Desde que Dun não melhorava, ela já suspeitava que alguém tomaria uma atitude extrema. Só não esperava que a pessoa tivesse coragem de usar o próprio filho como isca; aquilo a surpreendeu. Além disso, tudo acontecera antes do tempo previsto, pois em sua vida passada, fora atacada apenas três anos depois.
Naquela época, o ataque foi rápido, certeiro e cruel, fulminando-a sem chance de reação. Mal percebeu o que acontecia, já estava condenada e morreu injustamente, sem sequer conseguir se defender.
Agora, o ataque veio cedo e a acusação era leve, em desacordo com o método usual da adversária. Talvez, pela pressa, não houve tempo para uma preparação adequada. De certo modo, podia considerar-se sortuda por isso.
Ela mantinha um leve sorriso e uma expressão despreocupada, o que deixou as criadas Ruiniang, Ying'er e Juan'er profundamente angustiadas. Ruiniang deu um passo à frente e disse, aflita:
— Senhora, como pode sorrir numa situação dessas? Isso é muito grave! Dun foi envenenado e agora dizem que a culpa é sua. Precisa pensar numa maneira de provar sua inocência, senão acabará pagando por algo que não fez. Se a matriarca ficar furiosa, é capaz de qualquer coisa!
Xiner olhou para ela com tranquilidade e respondeu serenamente:
— A justiça está no coração das pessoas. Nunca fiz tal coisa, ninguém conseguirá me incriminar. Fique tranquila, a matriarca é sensata e não se deixará enganar facilmente.

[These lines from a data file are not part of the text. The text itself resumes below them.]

lemma comb_mult: "comb c ** comb d = (\<Sum>k\<in>UNIV. \<Sum>l\<in>UNIV. (c$k * d$l) *\<^sub>R (E k ** E l))"
proof -
  have "E k ** comb d = (\<Sum>l\<in>UNIV. d$l *\<^sub>R (E k ** E l))" for k
    by (simp add: comb_def matrix_mul_sum_right matrix_scalar_ac scalar_matrix_assoc[symmetric])
  then show ?thesis
    by (simp add: comb_def[of c] matrix_mul_sum_left scalar_matrix_assoc[symmetric]
        scaleR_sum_right)
qed

lemma E_anticommutator: "E k ** E l + E l ** E k = (if k = l then (-2) *\<^sub>R mat 1 else 0)"
proof (cases "k = l")
  case False
  then show ?thesis by (simp add: E_anticommute[OF False])
qed (simp add: E_square scaleR_2)

lemma comb_anticommutator: "comb c ** comb d + comb d ** comb c = (-2 * (c \<bullet> d)) *\<^sub>R mat 1"
proof -
  have "comb d ** comb c = (\<Sum>k\<in>UNIV. \<Sum>l\<in>UNIV. (c$k * d$l) *\<^sub>R (E l ** E k))"
    unfolding comb_mult by (subst sum.swap) (simp add: mult.commute)
  then have "comb c ** comb d + comb d ** comb c
      = (\<Sum>k\<in>UNIV. \<Sum>l\<in>UNIV. (c$k * d$l) *\<^sub>R (E k ** E l + E l ** E k))"
    by (simp add: comb_mult sum.distrib[symmetric] scaleR_add_right)
  also have "\<dots> = (\<Sum>k\<in>UNIV. (c$k * d$k) *\<^sub>R ((-2) *\<^sub>R mat 1))"
    by (simp add: E_anticommutator if_distrib cong: if_cong)
  also have "\<dots> = (c \<bullet> d) *\<^sub>R ((-2) *\<^sub>R mat 1)"
    by (simp only: inner_vec_def inner_real_def scaleR_sum_left)
  also have "\<dots> = (-2 * (c \<bullet> d)) *\<^sub>R mat 1"
    by simp
  finally show ?thesis .
qed

lemma comb_square: "comb c ** comb c = (- (c \<bullet> c)) *\<^sub>R mat 1"
proof -
  have "2 *\<^sub>R (comb c ** comb c) = 2 *\<^sub>R ((- (c \<bullet> c)) *\<^sub>R mat 1)"
    using comb_anticommutator[of c c] by (simp add: scaleR_2)
  then show ?thesis by (metis scaleR_cancel_left zero_neq_numeral)
qed

lemma transpose_comb: "transpose (comb c) = - comb c"
  by (simp add: comb_def transpose_sum transpose_scalar E_skew sum_negf[symmetric])

lemma orthogonal_matrix_comb: "c \<bullet> c = 1 \<Longrightarrow> orthogonal_matrix (comb c)"
  by (simp add: orthogonal_matrix transpose_comb matrix_mul_uminus_left comb_square)

lemma comb_intertwines_reflect_line:
  assumes "u \<bullet> u = 1"
  shows "comb u ** comb c = comb (reflect_line u c) ** comb u"
proof -
  have "comb (reflect_line u c) ** comb u = (2 * (u \<bullet> c)) *\<^sub>R (comb u ** comb u) - comb c ** comb u"
    by (simp add: reflect_line_def linear_diff[OF linear_comb] linear_scale[OF linear_comb]
        matrix_mul_diff_left scalar_matrix_assoc)
  also have "\<dots> = comb u ** comb c"
    using comb_anticommutator[of u c] assms by (simp add: comb_square algebra_simps)
  finally show ?thesis by simp
qed

lemma comb_anticommute:
  assumes "\<And>i. A ** E i = - (E i ** A)"
  shows "A ** comb c = - (comb c ** A)"
  by (simp add: comb_def matrix_mul_sum_left matrix_mul_sum_right matrix_scalar_ac
      scalar_matrix_assoc[symmetric] assms sum_negf)

lemma trace_comb_mult: "trace (comb c ** comb d) = - (real CARD('n) * (c \<bullet> d))"
proof -
  have "2 * trace (comb c ** comb d) = trace (comb c ** comb d + comb d ** comb c)"
    by (simp add: trace_add trace_mul_sym[of "comb d"])
  also have "\<dots> = - 2 * (c \<bullet> d) * real CARD('n)"
    by (simp add: comb_anticommutator trace_def mat_def)
  finally show ?thesis by simp
qed

lemma inner_comb_vectors: "(comb c *v x) \<bullet> (comb d *v x) = (c \<bullet> d) * (x \<bullet> x)"
  using skew_inner_anticommutator[OF transpose_comb[of c] transpose_comb[of d], of x]
  by (simp add: comb_anticommutator scaleR_matrix_vector_assoc[symmetric]
      matrix_vector_mult_uminus_left)

lemma inner_comb_E: "(comb c *v x) \<bullet> (E k *v x) = c$k * (x \<bullet> x)"
  using inner_comb_vectors[where d = "axis k 1"] by (simp add: comb_axis inner_axis)

lemma inner_comb_left: "(comb c *v y) \<bullet> w = c \<bullet> (\<chi> k. (E k *v y) \<bullet> w)"
proof -
  have "comb c *v y = (\<Sum>k\<in>UNIV. c$k *\<^sub>R (E k *v y))"
    by (simp add: comb_def matrix_vector_mult_sum_left scaleR_matrix_vector_assoc[symmetric])
  then have "(comb c *v y) \<bullet> w = (\<Sum>k\<in>UNIV. c$k * ((E k *v y) \<bullet> w))"
    by (simp add: inner_sum_left)
  then show ?thesis by (simp only: inner_vec_def[of c] inner_real_def vec_lambda_beta)
qed

end

section \<open>Seven anticommuting complex structures on \<open>\<real>\<^sup>8\<close>\<close>

lemma exhaust_5:
  fixes k :: 5
  shows "k = 1 \<or> k = 2 \<or> k = 3 \<or> k = 4 \<or> k = 5"
proof (induct k)
  case (of_int z)
  then have "z = 0 \<or> z = 1 \<or> z = 2 \<or> z = 3 \<or> z = 4" by fastforce
  then show ?case by auto
qed

definition nat_of_5 :: "5 \<Rightarrow> nat" where
  "nat_of_5 k = (if k = 1 then 1 else if k = 2 then 2 else if k = 3 then 3 else if k = 4 then 4 else 5)"

lemma nat_of_5_simps [simp]:
  "nat_of_5 1 = 1" "nat_of_5 2 = 2" "nat_of_5 3 = 3" "nat_of_5 4 = 4" "nat_of_5 5 = 5"
  by (simp_all add: nat_of_5_def)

Ruiniang ficou sem palavras, sem saber o que dizer. Poderia garantir que fosse assim?
Ying'er, também aflita, disse:
— Senhora, não é tão simples. Mesmo que saiba que é inocente, os outros não sabem! E estando Dun envolvido, se a matriarca perder a cabeça e acreditar nas mentiras, o que faremos? Não basta termos a consciência limpa, precisamos de provas que a confirmem, seria melhor capturar o verdadeiro culpado. Só assim conseguiremos limpar nosso nome.
Juan'er, assustada, acrescentou:
— Isso mesmo, senhora! Se algo acontecer a Dun, a matriarca talvez nem nos ouça, ela nos mataria sem pensar duas vezes!
Estremeceu de medo, e os rostos de Ruiniang e Ying'er também empalideceram, lançando olhares angustiados para Pei Xiner.
Mas ela continuava serena e sorridente, dizendo:
— Não se preocupem, não será tão grave. Dun poderá sofrer um pouco, mas nada de fatal lhe acontecerá. Além disso, há leis no império e regras na família. Mesmo que a matriarca perca a cabeça, não poderá agir fora da lei; se isso se espalhar, o futuro do general estaria arruinado. Ela não sacrificaria o neto pelo bisneto, certo?
As três hesitaram, olhando para ela. Nenhuma delas era concubina favorecida, então a matriarca não ousaria tocá-las facilmente, mas elas, sendo apenas criadas, quem as defenderia se morressem? Vendo a expressão das três, Xiner compreendeu seus temores e sorriu novamente, consolando:
— Fiquem tranquilas, não só eu, mas vocês também ficarão bem. Eu lhes prometo.